Our operating adjusted result was EUR 80.3 million, which is the Lindex best results ever. Stockmann revenue for the full year was up almost 3%, reaching over EUR 290 million. It is clear that brick and mortar increased with almost 4% and the online stores decreased by 2.2%. This is a sign of customers wanting to come back when shopping and visiting also the brick and mortar. Stockmann division's operating costs were down almost EUR 9 million, and the operating results increased almost with EUR 60 million to EUR 11.6 million. The adjusted operating result increased almost EUR 40 million, still being negative due to the slow start of the year in the beginning.
When we look closer to our quarter four results, the revenue reached almost EUR 280 million, and it was up by 17.2% in comparable currency rates. Gross margin declined slightly, and adjusted operating result increased clearly in both divisions. Lindex revenue was up over 27%, reaching almost EUR 180 million, and the growth continued on online being 12%. Sales increased in Lindex in all markets and all business areas. The operating cost, because of the increased sales, was also increasing, but the operating results improved almost over EUR 9 million, reaching EUR 24 million. In Stockmann division, the revenue was up almost 8% and almost reaching EUR 100 million. The sales in brick and mortar stores grew in the fourth quarter over 14%, and it is a clear sign customers wanting to come back.
Operating costs were down by almost EUR 14 million, and Stockmann Division's operating results improved almost EUR 24 million in quarter four, reaching EUR 6.3 million. If we look now closer to the Stockmann Division, the full year revenue, as said, increased almost 3%, and the revenue in Finland increased by 3%. In Baltics, it was less than in Finland, but it's worth to remember that, for example, in Latvia, we had almost 190 days in lockdown the last year. Sales in the brick and mortar stores increased by 4% due to the higher visitor volumes and larger customer average purchases. Online store accounted for the full year's almost 16% compared to 2019 with 6.6%.
Adjusted operating results increased almost 80% and amounted, as a full year, still a EUR -9.9 million, but compared to last year when we had almost EUR 50 million negative results. Stockmann Division also this year started to work harder with the CSR strategy renewal, and this is part of our way of moving forward, and now we are committed to the SBTi initiative. If we look now at Stockmann Division's performance in quarter four, the revenue was almost EUR 100 million compared to EUR 92.4 million previous year. It was up by 8% and still being 21% lower than 2019, and again, no tourists from Asia nor from Russia. Sales in brick and mortar stores grew due to the higher visitor volumes, and again, customers' average purchase clearly increased.
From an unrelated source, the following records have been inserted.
(* Assume the setting in the context, with $a<t_1<\dots<t_n<b$, $n>m$, $T$ ($T[i,j]=u_j(t_i)$) of full column rank $m$, $K$ ($K[i,j]=R_1(t_i,t_j)$) invertible, $D$ diagonal with positive entries $d_i$, $\lambda>0$, and $M=K+\lambda D^{-1}$. Let $Q$ be an $n\times(n-m)$ matrix of full column rank such that $Q'T=0$ and $Q_{ij}=0$ unless $i\in\{j,j+1,\dots,j+m\}$. Then: (i) $[Q'MQ]_{kl}=0$ whenever $|k-l|>m$ (i.e. $Q'MQ$ is banded with bandwidth $m$), and in fact $[Q'KQ]_{kl}=0$ and $[Q'D^{-1}Q]_{kl}=0$ for $|k-l|>m$; (ii) the unique minimizer $(\hat\alpha,\hat\beta)$ of $(\mathbf Y-T\alpha-K\beta)'D(\mathbf Y-T\alpha-K\beta)+\lambda\beta'K\beta$ satisfies $T'\hat\beta=0$, $$\hat\beta=Q(Q'MQ)^{-1}Q'\mathbf Y,\qquad\hat\alpha=(T'T)^{-1}T'(\mathbf Y-M\hat\beta),$$ and the fitted vector $\hat{\mathbf Y}=T\hat\alpha+K\hat\beta$ equals $\mathbf Y-\lambda D^{-1}\hat\beta$.
   Context: $[a,b]$ is a finite interval, $m\ge1$, $w_0,\dots,w_{m-1}$ continuous real functions on $[a,b]$, $(L\mu)(t)=\mu^{(m)}(t)+\sum_{j=0}^{m-1}w_j(t)\mu^{(j)}(t)$. $u_1,\dots,u_m$ are real, $m$ times differentiable functions forming a basis of $\{\mu:L\mu\equiv0\}$, with Wronskian $[W(t)]_{ij}=u_i^{(j-1)}(t)$ invertible for all $t\in[a,b]$; $(u_1^*(t),\dots,u_m^*(t))$ is the last row of $W(t)^{-1}$. The Green's function is $\mathcal G(t,u)=\sum_{i=1}^mu_i(t)u_i^*(u)$ for $u\le t$ and $0$ otherwise, and $R_1(s,t)=\int_a^b\mathcal G(s,u)\mathcal G(t,u)\,du$. $\mathbf Y=(Y_1,\dots,Y_n)'\in\mathbb R^n$. *)

theory Defs
  imports "HOL-Analysis.Henstock_Kurzweil_Integration"
          "Jordan_Normal_Form.Gauss_Jordan_Elimination"
          "Jordan_Normal_Form.DL_Rank"
begin

text \<open>All indices are 0-based: functions u 0, ..., u (m-1); points t 0 < ... < t (n-1);
  matrix entries A $$ (i,j) with i, j starting at 0.\<close>

definition has_derivs_on :: "nat \<Rightarrow> (nat \<Rightarrow> real \<Rightarrow> real) \<Rightarrow> real set \<Rightarrow> bool" where
  "has_derivs_on k D S \<longleftrightarrow>
     (\<forall>j<k. \<forall>x\<in>S. (D j has_real_derivative D (Suc j) x) (at x within S))"

definition L_annihilates :: "real \<Rightarrow> real \<Rightarrow> nat \<Rightarrow> (nat \<Rightarrow> real \<Rightarrow> real) \<Rightarrow> (nat \<Rightarrow> real \<Rightarrow> real) \<Rightarrow> bool" where
  "L_annihilates a b m w D \<longleftrightarrow> has_derivs_on m D {a..b} \<and>
     (\<forall>x\<in>{a..b}. D m x + (\<Sum>j<m. w j x * D j x) = 0)"

definition in_ker_L :: "real \<Rightarrow> real \<Rightarrow> nat \<Rightarrow> (nat \<Rightarrow> real \<Rightarrow> real) \<Rightarrow> (real \<Rightarrow> real) \<Rightarrow> bool" where
  "in_ker_L a b m w \<mu> \<longleftrightarrow> (\<exists>D. (\<forall>x\<in>{a..b}. D 0 x = \<mu> x) \<and> L_annihilates a b m w D)"

definition is_ker_basis :: "real \<Rightarrow> real \<Rightarrow> nat \<Rightarrow> (nat \<Rightarrow> real \<Rightarrow> real) \<Rightarrow> (nat \<Rightarrow> real \<Rightarrow> real)
    \<Rightarrow> (nat \<Rightarrow> nat \<Rightarrow> real \<Rightarrow> real) \<Rightarrow> bool" where
  "is_ker_basis a b m w u Du \<longleftrightarrow>
     (\<forall>i<m. (\<forall>x\<in>{a..b}. Du i 0 x = u i x) \<and> L_annihilates a b m w (Du i)) \<and>
     (\<forall>c::nat \<Rightarrow> real. (\<forall>x\<in>{a..b}. (\<Sum>i<m. c i * u i x) = 0) \<longrightarrow> (\<forall>i<m. c i = 0)) \<and>
     (\<forall>\<mu>. in_ker_L a b m w \<mu> \<longrightarrow> (\<exists>c::nat \<Rightarrow> real. \<forall>x\<in>{a..b}. \<mu> x = (\<Sum>i<m. c i * u i x)))"

definition minv :: "real mat \<Rightarrow> real mat" where
  "minv A = the (mat_inverse A)"

definition wronskian :: "nat \<Rightarrow> (nat \<Rightarrow> nat \<Rightarrow> real \<Rightarrow> real) \<Rightarrow> real \<Rightarrow> real mat" where
  "wronskian m Du x = mat m m (\<lambda>(i,j). Du i j x)"

definition ustar :: "nat \<Rightarrow> (nat \<Rightarrow> nat \<Rightarrow> real \<Rightarrow> real) \<Rightarrow> nat \<Rightarrow> real \<Rightarrow> real" where
  "ustar m Du i x = minv (wronskian m Du x) $$ (m - 1, i)"

definition green :: "nat \<Rightarrow> (nat \<Rightarrow> real \<Rightarrow> real) \<Rightarrow> (nat \<Rightarrow> nat \<Rightarrow> real \<Rightarrow> real) \<Rightarrow> real \<Rightarrow> real \<Rightarrow> real" where
  "green m u Du x s = (if s \<le> x then (\<Sum>i<m. u i x * ustar m Du i s) else 0)"

definition R1 :: "real \<Rightarrow> real \<Rightarrow> nat \<Rightarrow> (nat \<Rightarrow> real \<Rightarrow> real) \<Rightarrow> (nat \<Rightarrow> nat \<Rightarrow> real \<Rightarrow> real) \<Rightarrow> real \<Rightarrow> real \<Rightarrow> real" where
  "R1 a b m u Du s x = integral {a..b} (\<lambda>v. green m u Du s v * green m u Du x v)"
(* Fix $0<\theta<1$ and let $P_N(k)=W(N,k)/[N]_\theta!$ for $0\le k\le N-1$. Then: 1. For each fixed integer $j\ge1$, $\lim_{N\to\infty}P_N(N-j)=j\,\theta^{j-1}(1-\theta)$. 2. If $(k_N)$ is any sequence with $0\le k_N\le N-1$ and $N-k_N\to\infty$, then $P_N(k_N)\to0$. 3. The function $g(j)=j\,\theta^{j-1}(1-\theta)$ on real $j\ge1$ attains its maximum at $j^*=\max(-1/\ln\theta,\,1)$. When $1/e<\theta<1$, the maximum value is $g(j^* )=e^{-1}\,\dfrac{\theta-1}{\theta\ln\theta}$.
   Context: Permutations of $\{1,\dots,N\}$ are written in one-line notation; $\mathfrak S_N$ is the set of all of them. An entry $\pi_j$ is a left-to-right maximum if $\pi_j>\pi_i$ for all $i<j$; $\mathrm{inv}(\pi)$ is the number of pairs $i<j$ with $\pi_i>\pi_j$. Definitions: - $[m]_\theta=1+\theta+\cdots+\theta^{m-1}$ and $[m]_\theta!=[1]_\theta\cdots[m]_\theta$; note $[N]_\theta!=\sum_{\pi\in\mathfrak S_N}\theta^{\mathrm{inv}(\pi)}$. - For $0\le k\le N-1$, $\pi\in\mathfrak S_N$ is $k$-winnable if the first index $j>k$ with $\pi_j$ a left-to-right maximum has $\pi_j=N$. - $W(N,k)=\sum_{k\text{-winnable }\pi}\theta^{\mathrm{inv}(\pi)}$. Thus $P_N(k)$ is the probability of winning the best choice game under the Mallows distribution, in which $\pi\in\mathfrak S_N$ has probability $\theta^{\mathrm{inv}(\pi)}/[N]_\theta!$. The game is played with the positional strategy that rejects the first $k$ candidates and accepts the next left-to-right maximum; winning means the accepted candidate $i$ has $\pi_i=N$. *)

theory Defs
  imports "HOL-Analysis.Analysis" "HOL-Combinatorics.Multiset_Permutations"
begin

text \<open>Permutations of {1..N} in one-line notation are lists; list positions are 0-based,
  so the paper's position j (1-based) is list index j-1.\<close>

definition inversions :: "nat list \<Rightarrow> nat" where
  "inversions xs = card {(i, j). i < j \<and> j < length xs \<and> xs ! i > xs ! j}"

definition ltr_max :: "nat list \<Rightarrow> nat \<Rightarrow> bool" where
  "ltr_max xs j \<longleftrightarrow> j < length xs \<and> (\<forall>i<j. xs ! i < xs ! j)"

text \<open>k-winnable: the first (1-based) index j > k, i.e. 0-based index j >= k, at which a
  left-to-right maximum occurs exists and carries the value N.\<close>
definition winnable :: "nat \<Rightarrow> nat \<Rightarrow> nat list \<Rightarrow> bool" where
  "winnable N k xs \<longleftrightarrow>
     (\<exists>j. k \<le> j \<and> ltr_max xs j \<and> xs ! j = N \<and>
          (\<forall>j'. k \<le> j' \<and> j' < j \<longrightarrow> \<not> ltr_max xs j'))"

definition W :: "real \<Rightarrow> nat \<Rightarrow> nat \<Rightarrow> real" where
  "W \<theta> N k = (\<Sum>xs\<in>{xs \<in> permutations_of_set {1..N}. winnable N k xs}. \<theta> ^ inversions xs)"

definition qint :: "real \<Rightarrow> nat \<Rightarrow> real" where
  "qint \<theta> m = (\<Sum>i<m. \<theta> ^ i)"

definition qfact :: "real \<Rightarrow> nat \<Rightarrow> real" where
  "qfact \<theta> N = (\<Prod>m=1..N. qint \<theta> m)"

definition P :: "real \<Rightarrow> nat \<Rightarrow> nat \<Rightarrow> real" where
  "P \<theta> N k = W \<theta> N k / qfact \<theta> N"

end

theory Submission
  imports Defs
begin

text \<open>
  Call a left-to-right maximum a record. The strategy with threshold k wins on \<pi> iff
  exactly one record occurs at a position after k: the first one must be N, and
  nothing after N is a record. Appending an entry a to a permutation of the remaining
  values multiplies \<theta>^inv by \<theta>^#{earlier entries > a}, and creates a record iff
  a is the maximum. Summing over a yields a first-order recursion in N for the weights
  of "no record after k" and "exactly one record after k". Divided by [N]_\<theta>!, the
  corresponding probabilities are multiplied at each step by 1 - 1/[N]_\<theta> \<rightarrow> \<theta>, the
  second one being fed by the first times 1/[N]_\<theta> \<rightarrow> 1 - \<theta>. Running this
  recursion j steps past k gives j \<theta>^(j-1) (1 - \<theta>) in the limit, and the bound
  j \<theta>^(j-1) uniformly in k. The last claim is calculus: with c = -ln \<theta>, the function
  x e^(-c(x-1)) peaks at x = 1/c, by e^y \<ge> 1 + y.
\<close>

section \<open>Appending an entry to a permutation\<close>

lemma sum_permutations_of_set_snoc:
  fixes h :: "'a list \<Rightarrow> 'b::comm_monoid_add"
  assumes "finite S" "S \<noteq> {}"
  shows "(\<Sum>xs\<in>permutations_of_set S. h xs) =
         (\<Sum>a\<in>S. \<Sum>ys\<in>permutations_of_set (S - {a}). h (ys @ [a]))"
proof -
  have last_in: "last ` permutations_of_set S \<subseteq> S"
  proof
    fix x assume "x \<in> last ` permutations_of_set S"
    then obtain xs where "set xs = S" "x = last xs" by (auto simp: permutations_of_set_def)
    then show "x \<in> S" by (metis assms(2) last_in_set set_empty)
  qed
  have ending_in: "{xs \<in> permutations_of_set S. last xs = a} =
                   (\<lambda>ys. ys @ [a]) ` permutations_of_set (S - {a})" if "a \<in> S" for a
  proof (intro set_eqI iffI)
    fix xs assume "xs \<in> {xs \<in> permutations_of_set S. last xs = a}"
    then have xs: "set xs = S" "distinct xs" "last xs = a" "xs \<noteq> []"
      using assms(2) by (auto simp: permutations_of_set_def)
    then have "xs = butlast xs @ [a]" by (metis append_butlast_last_id)
    moreover have "butlast xs \<in> permutations_of_set (S - {a})"
      using xs by (subst (asm) (1 2) \<open>xs = butlast xs @ [a]\<close>)
        (auto simp: permutations_of_set_def)
    ultimately show "xs \<in> (\<lambda>ys. ys @ [a]) ` permutations_of_set (S - {a})" by blast
  next
    fix xs assume "xs \<in> (\<lambda>ys. ys @ [a]) ` permutations_of_set (S - {a})"
    then obtain ys where "set ys = S - {a}" "distinct ys" "xs = ys @ [a]"
      by (auto simp: permutations_of_set_def)
    then have "set xs = S" "distinct xs" "last xs = a" using that by auto
    then show "xs \<in> {xs \<in> permutations_of_set S. last xs = a}"
      by (simp add: permutations_of_set_def)
  qed
  have "(\<Sum>xs\<in>permutations_of_set S. h xs) =
        (\<Sum>a\<in>S. \<Sum>xs\<in>{xs \<in> permutations_of_set S. last xs = a}. h xs)"
    using sum.group[OF finite_permutations_of_set assms(1) last_in, of h] by simp
  also have "\<dots> = (\<Sum>a\<in>S. \<Sum>ys\<in>permutations_of_set (S - {a}). h (ys @ [a]))"
    by (rule sum.cong[OF refl], subst ending_in) (auto simp: sum.reindex inj_on_def)
  finally show ?thesis .
qed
The share of online was 16.7% for the quarter, and compared to 2019, it was 8%. Slight decline or minor decline in gross margin, and this is due to the clearance mechanism which we changed a little bit last year. As said, our operating costs went down by SEK 14 million, and the operating result was SEK 28 million versus a previous year, SEK 17.6 million . The adjusted operating result was positive SEK 6.3 million, and a second quarter when we are delivering a positive results. From the restructuring program, we also completed our sales and leaseback of the properties, both for Tallinn and Riga. Stockmann Division going forward. As you know, Stockmann Division started already last year an extensive renewal of our operating model through which the organization will be concentrated more around or closely around the core processes.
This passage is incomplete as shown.